The University of Texas: Biomedical Innovation Focus

The University of Texas System, headquartered in the state capital of Austin, is a network of nine academic campuses and six health institutions catering to more than 200,000 students. The UT System is currently looking to expand upon its existing medical facilities, having recently announced that a merger between two system campuses, the University of Texas at Brownville and the University of Texas-Pan American, and will break ground on construction of a new medical school in the Rio Grande Valley.

Member institutions of the University of Texas System are regularly involved with the development of technological inventions, especially those related to biomedical industries. Today at IPWatchdog, we’re taking some time to study the UT System’s recent patent applications and issued patents published by the U.S. Patent and Trademark Office. Some of these developments have received federal funding, giving the U.S. government some rights, but each of the following are solely assigned to the Board of Regents of the University of Texas System.

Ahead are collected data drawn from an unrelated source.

(* Let $(Y_i,X_i)$, $i=1,\dots,n$, be i.i.d. from $P^*_{Y,X}=P^*_{Y\mid X}P^*_X$ on $\{1,\dots,K\}\times\mathbb{R}^d$, where $P^*_X$ is absolutely continuous with respect to Lebesgue measure with density also denoted $P^*_X(\cdot)$. Fix $\alpha\in\mathbb{R}_+^K$ (positive entries), $\alpha_0=\sum_k\alpha(k)$. Let $\mathrm{DE}^{\psi}:\mathbb{R}^d\to\mathbb{R}_+$ be a density estimator and $\mathrm{NN}^{\phi}:\mathbb{R}^d\to\mathbb{R}_+^K$ a neural network estimator of $P^*_{Y\mid X}$, with parameters $\widehat{\psi}_n,\widehat{\phi}_n$ fitted on the data, and consider the DIP-EDL variational distribution $$q_{X_i}=\mathrm{Dir}\big(\alpha+n\,\mathrm{DE}^{\widehat\psi_n}(X_i)\,\mathrm{NN}^{\widehat\phi_n}(X_i)\big).$$ Assume the estimators are consistent: $\mathrm{DE}^{\widehat\psi_n}(X_i)\xrightarrow{p}P^*_X(X_i)$ and $\mathrm{NN}^{\widehat\phi_n}(X_i)\xrightarrow{p}P^*_{Y\mid X}(\cdot\mid X_i)$ as $n\to\infty$. Then, if $p_i\mid X_{1:n},Y_{1:n}$ is distributed according to $q_{X_i}$, we have $p_i\xrightarrow{p}P^*_{Y\mid X}(\cdot\mid X_i)$ as $n\to\infty$.
   Context: $\mathrm{Dir}(\beta)$ is the Dirichlet distribution on the probability simplex $\Delta^{K-1}$ with concentration vector $\beta\in\mathbb{R}_+^K$; $P^*_{Y\mid X}(\cdot\mid x)\in\Delta^{K-1}$ denotes the vector of true conditional class probabilities at $x$. *)

theory Defs
  imports "HOL-Probability.Probability"
begin

(* Vectors in R^K are represented as functions nat => real, with the K
   coordinates indexed by 0..K-1 (class k+1 of the paper is index k). *)

definition vdist :: "nat \<Rightarrow> (nat \<Rightarrow> real) \<Rightarrow> (nat \<Rightarrow> real) \<Rightarrow> real" where
  "vdist K u v = sqrt (\<Sum>k<K. (u k - v k)^2)"

text \<open>Dirichlet density on the probability simplex (w.r.t. Lebesgue measure on the
  first K-1 coordinates), evaluated at a full vector q of R^K.\<close>
definition dirichlet_density :: "nat \<Rightarrow> (nat \<Rightarrow> real) \<Rightarrow> (nat \<Rightarrow> real) \<Rightarrow> real" where
  "dirichlet_density K \<beta> q =
     (if (\<forall>k<K. 0 < q k) then
        Gamma (\<Sum>k<K. \<beta> k) / (\<Prod>k<K. Gamma (\<beta> k)) * (\<Prod>k<K. q k powr (\<beta> k - 1))
      else 0)"

definition simplex_lift :: "nat \<Rightarrow> (nat \<Rightarrow> real) \<Rightarrow> (nat \<Rightarrow> real)" where
  "simplex_lift K q' = (\<lambda>k\<in>{..<K}. if k < K - 1 then q' k else 1 - (\<Sum>j<K - 1. q' j))"

definition dirichlet :: "nat \<Rightarrow> (nat \<Rightarrow> real) \<Rightarrow> (nat \<Rightarrow> real) measure" where
  "dirichlet K \<beta> =
     distr (density (PiM {..<K - 1} (\<lambda>_. lborel))
                    (\<lambda>q'. ennreal (dirichlet_density K \<beta> (simplex_lift K q'))))
           (PiM {..<K} (\<lambda>_. borel)) (simplex_lift K)"

definition data_sigma :: "'a measure \<Rightarrow> (nat \<Rightarrow> 'a \<Rightarrow> 'x::euclidean_space) \<Rightarrow> (nat \<Rightarrow> 'a \<Rightarrow> nat)
    \<Rightarrow> nat \<Rightarrow> 'a measure" where
  "data_sigma M X Y n =
     vimage_algebra (space M) (\<lambda>\<omega>. \<lambda>j\<in>{..<n}. (X j \<omega>, Y j \<omega>))
       (PiM {..<n} (\<lambda>_. (borel :: 'x measure) \<Otimes>\<^sub>M count_space UNIV))"

end

theory Submission
  imports Defs
begin

(* Given the data, p n is Dirichlet with parameter \<beta> = \<alpha> + s \<nu>, where s = n DE(X i) and
   \<nu> = NN(X i). Its moments E[q k ^ a] = pochhammer (\<beta> k) a / pochhammer B a, B = \<Sum>\<beta>, give
   mean \<beta> / B and coordinate variances at most 1 / (B + 1), so by Chebyshev Dir(\<beta>) concentrates
   around its mean. The mean is close to \<eta>(X i) = P*(. | X i) when s is large and \<nu> is close to
   \<eta>(X i). Since X i has a density, f(X i) > 0 almost surely, so consistency of DE forces
   s \<rightarrow> \<infinity> in probability, while NN(X i) \<rightarrow> \<eta>(X i) by assumption. The conditional law is
   only available for fixed events, so the random centre \<eta>(X i) is rounded to a finite grid
   before the conditional bound is integrated. *)

section \<open>The Dirichlet integral\<close>

lemma Gamma_real_nonzero [simp]: "0 < x \<Longrightarrow> Gamma (x :: real) \<noteq> 0"
  using Gamma_real_pos[of x] by linarith

lemma nn_integral_Beta_scaled:
  fixes a b s :: real
  assumes a: "0 < a" and b: "0 < b" and s: "0 < s"
  shows "(\<integral>\<^sup>+y. ennreal (indicator {0<..<s} y * (y powr (a - 1) * (s - y) powr (b - 1))) \<partial>lborel)
         = ennreal (s powr (a + b - 1) * Beta a b)"
proof -
  have "((\<lambda>t. t powr (a - 1) * (1 - t) powr (b - 1)) has_integral Beta a b) {0<..<1}"
    using has_integral_Beta_real[OF a b] by (simp add: has_integral_Icc_iff_Ioo)
  from nn_integral_has_integral_lebesgue[OF _ this]
  have unit: "(\<integral>\<^sup>+t. ennreal (indicator {0<..<1} t * (t powr (a - 1) * (1 - t) powr (b - 1))) \<partial>lborel)
      = ennreal (Beta a b)"
    by simp
  have scale: "ennreal (indicator {0<..<s} (s * t) * ((s * t) powr (a - 1) * (s - (s * t)) powr (b - 1)))
      = ennreal (s powr (a + b - 2)) * ennreal (indicator {0<..<1} t * (t powr (a - 1) * (1 - t) powr (b - 1)))"
    for t
  proof (cases "0 < t \<and> t < 1")
    case True
    have "s - s * t = s * (1 - t)" by (simp add: algebra_simps)
    moreover have "s powr (a + b - 2) = s powr (a - 1) * s powr (b - 1)"
      by (simp add: powr_add[symmetric])
    ultimately show ?thesis using True s
      by (simp add: ennreal_mult'[symmetric] powr_mult indicator_def mult_ac)
  next
    case False
    with s have "\<not> (0 < s * t \<and> s * t < s)"
      by (metis mult_less_cancel_left_pos mult.right_neutral zero_less_mult_pos)
    with False have "indicator {0<..<s} (s * t) = (0::real)" "indicator {0<..<1} t = (0::real)"
      by (auto simp: indicator_def)
    then show ?thesis by simp
  qed
  have "(\<integral>\<^sup>+y. ennreal (indicator {0<..<s} y * (y powr (a - 1) * (s - y) powr (b - 1))) \<partial>lborel)
      = ennreal s * (\<integral>\<^sup>+t. ennreal (s powr (a + b - 2))
          * ennreal (indicator {0<..<1} t * (t powr (a - 1) * (1 - t) powr (b - 1))) \<partial>lborel)"
    using s by (subst nn_integral_real_affine[where c = s and t = 0]) (auto simp: scale)
  also have "\<dots> = ennreal s * (ennreal (s powr (a + b - 2)) * ennreal (Beta a b))"
    by (simp add: nn_integral_cmult unit)
  also have "\<dots> = ennreal (s * s powr (a + b - 2) * Beta a b)"
    using s by (simp add: ennreal_mult'[symmetric] mult.assoc)
  also have "s * s powr (a + b - 2) = s powr (a + b - 1)"
    using s by (simp add: powr_diff power2_eq_square)
  finally show ?thesis .
qed

lemma borel_measurable_component_PiM [measurable]:
  "(\<lambda>x. x j) \<in> borel_measurable (PiM I (\<lambda>_. borel :: real measure))"
proof (cases "j \<in> I")
  case False
  then have "\<And>x. x \<in> space (PiM I (\<lambda>_. borel :: real measure)) \<Longrightarrow> x j = undefined"
    by (auto simp: space_PiM PiE_def extensional_def)
  then show ?thesis
    by (subst measurable_cong[where g = "\<lambda>_. undefined"]) auto
qed (rule measurable_component_singleton)

definition corner_simplex :: "nat \<Rightarrow> real \<Rightarrow> (nat \<Rightarrow> real) set" where
  "corner_simplex m s = {x. (\<forall>j<m. 0 < x j) \<and> (\<Sum>j<m. x j) < s}"

(* The unnormalised Dir(b 0, ..., b m) density at (x 0, ..., x (m - 1), s - (\<Sum>j<m. x j)). *)
definition dirichlet_kernel :: "nat \<Rightarrow> (nat \<Rightarrow> real) \<Rightarrow> real \<Rightarrow> (nat \<Rightarrow> real) \<Rightarrow> ennreal" where
  "dirichlet_kernel m b s x = ennreal (indicator (corner_simplex m s) x *
     ((\<Prod>j<m. x j powr (b j - 1)) * (s - (\<Sum>j<m. x j)) powr (b m - 1)))"

lemma borel_measurable_dirichlet_kernel [measurable]:
  "dirichlet_kernel m b s \<in> borel_measurable (PiM I (\<lambda>_. lborel))"
proof -
  have [measurable]: "Measurable.pred (PiM I (\<lambda>_. lborel)) (\<lambda>x. x \<in> corner_simplex m s)"
    unfolding corner_simplex_def by measurable
  show ?thesis unfolding dirichlet_kernel_def by measurable
qed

Many of the University of Texas’s medical developments involve the use of synthetic materials to aid in treating patients. One patent application would protect a scaffold for tissue engineering that biodegrades and delivers treatment over time. Another application describes a system of using nanoparticles to stimulate hyperthermia to treat tumors. A third application discusses an improved bioadhesive for sealing tissues together. Other patent application filings profiled below pertain to improved systems of diagnosing and treating diseases that usually cause a poor prognosis in patients. One patent application deals with a system of analyzing gene expressions to determine a patient’s susceptibility to renal cell carcinoma. A final application we feature provides for a more effective course of treatment for most gastrointestinal tract infections.



Methods for Detecting, Diagnosing and Treating Human Renal Cell Carcinoma
U.S. Patent Application No. 20130217790

Renal cell carcinoma is an aggressive type of cancer that can occur in a person’s kidneys. It’s rare, with only 60,000 new cases diagnosed each year, but nearly 13,000 people die of the disease annually. Early diagnosis can lead to successful treatment, but as the cancer progresses, it becomes much more difficult to cure. This is due in large part to a lack of understanding of the molecular events of the disease, such as gene expressions related to renal cell carcinoma.

This patent application, filed by the University of Texas system with the USPTO, uses genomic analysis to determine patients who are more at-risk for developing renal cell carcinoma. Tissue samples can be obtained from patients and analyzed to determine if gene expressions in the mRNA or elsewhere indicate a risk for developing a malignant carcinoma. Additionally, subsets of genes could be targeted for more effective treatment and prevention of renal cell carcinoma.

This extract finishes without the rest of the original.